Read Financing Our Foodshed Online
Authors: Carol Peppe Hewitt
She’d hoped to sell all the broilers she had raised, but, after ten weeks of growing, they were still much too small to sell. And they didn’t seem to be getting any bigger. She wasn’t sure if it was the heritage breed she had chosen or her limited skills as a beginning farmer, but next time she intended to choose a breed she knew would produce good-sized broilers in about ten weeks. She just needed $1,500 to try again.
The Sandhills Farm to Table Cooperative in Southern Pines is one of the biggest CSAs (Community Supported Agriculture) in the state. At times, there have been over a thousand members receiving weekly boxes of locally grown food. Often the box is all produce, but sometimes it includes locally grown meat. So the Co-op told Kelly they’d be interested in buying about as many 4–5 pound chickens as she could raise.
Because Kelly and Tim had tapped out their savings preparing the farm to accommodate multi-species livestock and purchase necessary equipment and supplies, she needed to connect with a few friends who would help her buy those broilers. She needed to find people who shared her vision. When she wrote asking about a Slow Money loan, she already had a detailed budget and a list of capital requirements as long as your arm.

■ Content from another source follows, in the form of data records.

lemma Xset_Pset_disjoint: "a \<in> Xset B \<Longrightarrow> a \<in> Pset B \<Longrightarrow> False"
  unfolding Xset_def Pset_dim using dcells_disjoint[OF dcomplex_B] by fastforce

lemma bl_eq:
  "\<rho> \<in> dcells B k \<Longrightarrow> bl B \<rho> =
     (if k = 2 then [(dface B 2 \<rho>, False), (dface B 0 \<rho>, False), (dface B 1 \<rho>, True)]
      else map (\<lambda>i. (dface B i \<rho>, False)) (rev [1..<Suc k]) @
           [(edge01 B k \<rho>, False), (dface B 0 \<rho>, False), (edge01 B k \<rho>, True)])"
proof -
  assume "\<rho> \<in> dcells B k"
  then have "(THE k. \<rho> \<in> dcells B k) = k" using dcells_disjoint[OF dcomplex_B] by blast
  then show ?thesis unfolding bl_def by simp
qed

lemma bl_words:
  assumes "\<rho> \<in> Pset B"
  shows "bl B \<rho> \<in> words B"
proof -
  obtain k where k: "k \<ge> 2" "\<rho> \<in> dcells B k" using assms Pset_dim by blast
  have f: "\<And>i. i \<le> k \<Longrightarrow> dface B i \<rho> \<in> dcells B (k - 1)"
    using dface_in_dcells[OF dcomplex_B _ k(2)] k by auto
  show ?thesis
  proof (cases "k = 2")
    case True
    then show ?thesis using f by (simp add: bl_eq[OF k(2)] words_def Xset_def)
  next
    case False
    have "\<And>i. i \<le> k \<Longrightarrow> dface B i \<rho> \<in> Pset B"
      using f False k unfolding Pset_dim by (metis Suc_1 Suc_leI diff_Suc_1 le_neq_implies_less less_diff_conv plus_1_eq_Suc)
    moreover have "edge01 B k \<rho> \<in> Xset B"
      using edge01_faces[OF dcomplex_B k(2)] k unfolding Xset_def by auto
    ultimately show ?thesis using False by (auto simp: bl_eq[OF k(2)] words_def)
  qed
qed

lemma mcong_words: "mcong B u v \<Longrightarrow> u \<in> words B \<and> v \<in> words B"
  by (induction rule: mcong.induct) (auto simp: bl_words words_Cons)

lemma mcong_wordsL: "mcong B u v \<Longrightarrow> u \<in> words B"
  using mcong_words by blast

lemma mcong_wordsR: "mcong B u v \<Longrightarrow> v \<in> words B"
  using mcong_words by blast

lemma mcong_ctxt: "mcong B u u' \<Longrightarrow> x \<in> words B \<Longrightarrow> y \<in> words B \<Longrightarrow> mcong B (x @ u @ y) (x @ u' @ y)"
  by (metis mcong.cong mcong.refl)

lemma mcong_appendL: "mcong B u u' \<Longrightarrow> x \<in> words B \<Longrightarrow> mcong B (x @ u) (x @ u')"
  using mcong_ctxt[of u u' x "[]"] by simp

lemma mcong_appendR: "mcong B u u' \<Longrightarrow> y \<in> words B \<Longrightarrow> mcong B (u @ y) (u' @ y)"
  using mcong_ctxt[of u u' "[]" y] by simp

lemma mcong_wwinv_comm:
  "u \<in> words B \<Longrightarrow> w \<in> words B \<Longrightarrow> mcong B (wwinv u @ wwinv w) (wwinv w @ wwinv u)"
  using mcong.inv2[of u B w] by (simp add: wwinv_def)

lemmas mcong_trans [trans] = mcong.trans[of B]

lemma mcong_winv_idem:
  assumes w: "w \<in> words B" and ww: "mcong B (w @ w) w"
  shows "mcong B (winv w) w"
proof -
  define s where "s = winv w"
  have s: "s \<in> words B" "winv s = w" using w by (simp_all add: s_def)
  have sws: "mcong B (s @ w @ s) s" using mcong.inv1[OF s(1)] s(2) by simp
  have wsw: "mcong B (w @ s @ w) w" using mcong.inv1[OF w] by (simp add: s_def)
  have "mcong B (w @ s @ s @ w) ((w @ s @ s) @ (w @ w))"
    using mcong_appendL[OF ww, of "w @ s @ s"] w s by (simp add: mcong.sym)
  also have "mcong B \<dots> ((w @ w) @ (s @ s @ w @ w))"
    using mcong_appendR[OF ww, of "s @ s @ w @ w"] w s by (simp add: mcong.sym)
  also have "mcong B \<dots> (w @ w)" using mcong.inv1[of "w @ w"] w by (simp add: s_def)
  also have "mcong B \<dots> w" using ww .
  finally have wssw: "mcong B (w @ s @ s @ w) w" .
  have "mcong B (s @ s) ((s @ w @ s) @ (s @ w @ s))"
    using mcong.cong[OF sws sws] by (rule mcong.sym)
  also have "mcong B \<dots> (s @ w @ s)" using mcong_ctxt[OF wssw, of s s] s by simp
  also have "mcong B \<dots> s" using sws .
  finally have ss: "mcong B (s @ s) s" .
  have "mcong B w (w @ s @ w)" using wsw by (rule mcong.sym)
  also have "mcong B \<dots> (w @ s @ s @ w)" using mcong_ctxt[OF mcong.sym[OF ss], of w w] w by simp
  also have "mcong B \<dots> (s @ w @ w @ s)" using mcong_wwinv_comm[OF w s(1)] s by (simp add: wwinv_def s_def)
  also have "mcong B \<dots> (s @ w @ s)" using mcong_ctxt[OF ww, of s s] s by simp
  also have "mcong B \<dots> s" using sws .
  finally show ?thesis unfolding s_def by (rule mcong.sym)
qed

A few weeks after that first visit, we drove back down to Southern Pines to meet with several local food enthusiasts at the office of one of the founders of the Sandhills Co-op. Kelly talked about her plans. She hoped to buy 150 chickens, 60 ducks, and the necessary feed and supplies to bring them to market. Several women had come to meet her, hoping to be able to help in some way. They were accustomed to getting chickens in their CSA boxes and liked the idea of knowing how and where those birds had been raised.
They wanted to help. Eaters lending to producers. Now, there’s a good idea!
Before the gathering was over, the group had worked out a way to loan Kelly what she needed to restart her broiler business. The next day, Kelly sent an email to her new-found friends:
Your financial support indicates to me how serious the local community is in supporting small, local businesses and in providing consumers with healthier food choices than what is available through current mainstream options. Knowing I have the backing from people who push the envelope of change in their environment like you makes my resolve
stronger in making my sustainable, grass/forage raised meat business more than just a fleeting opportunity.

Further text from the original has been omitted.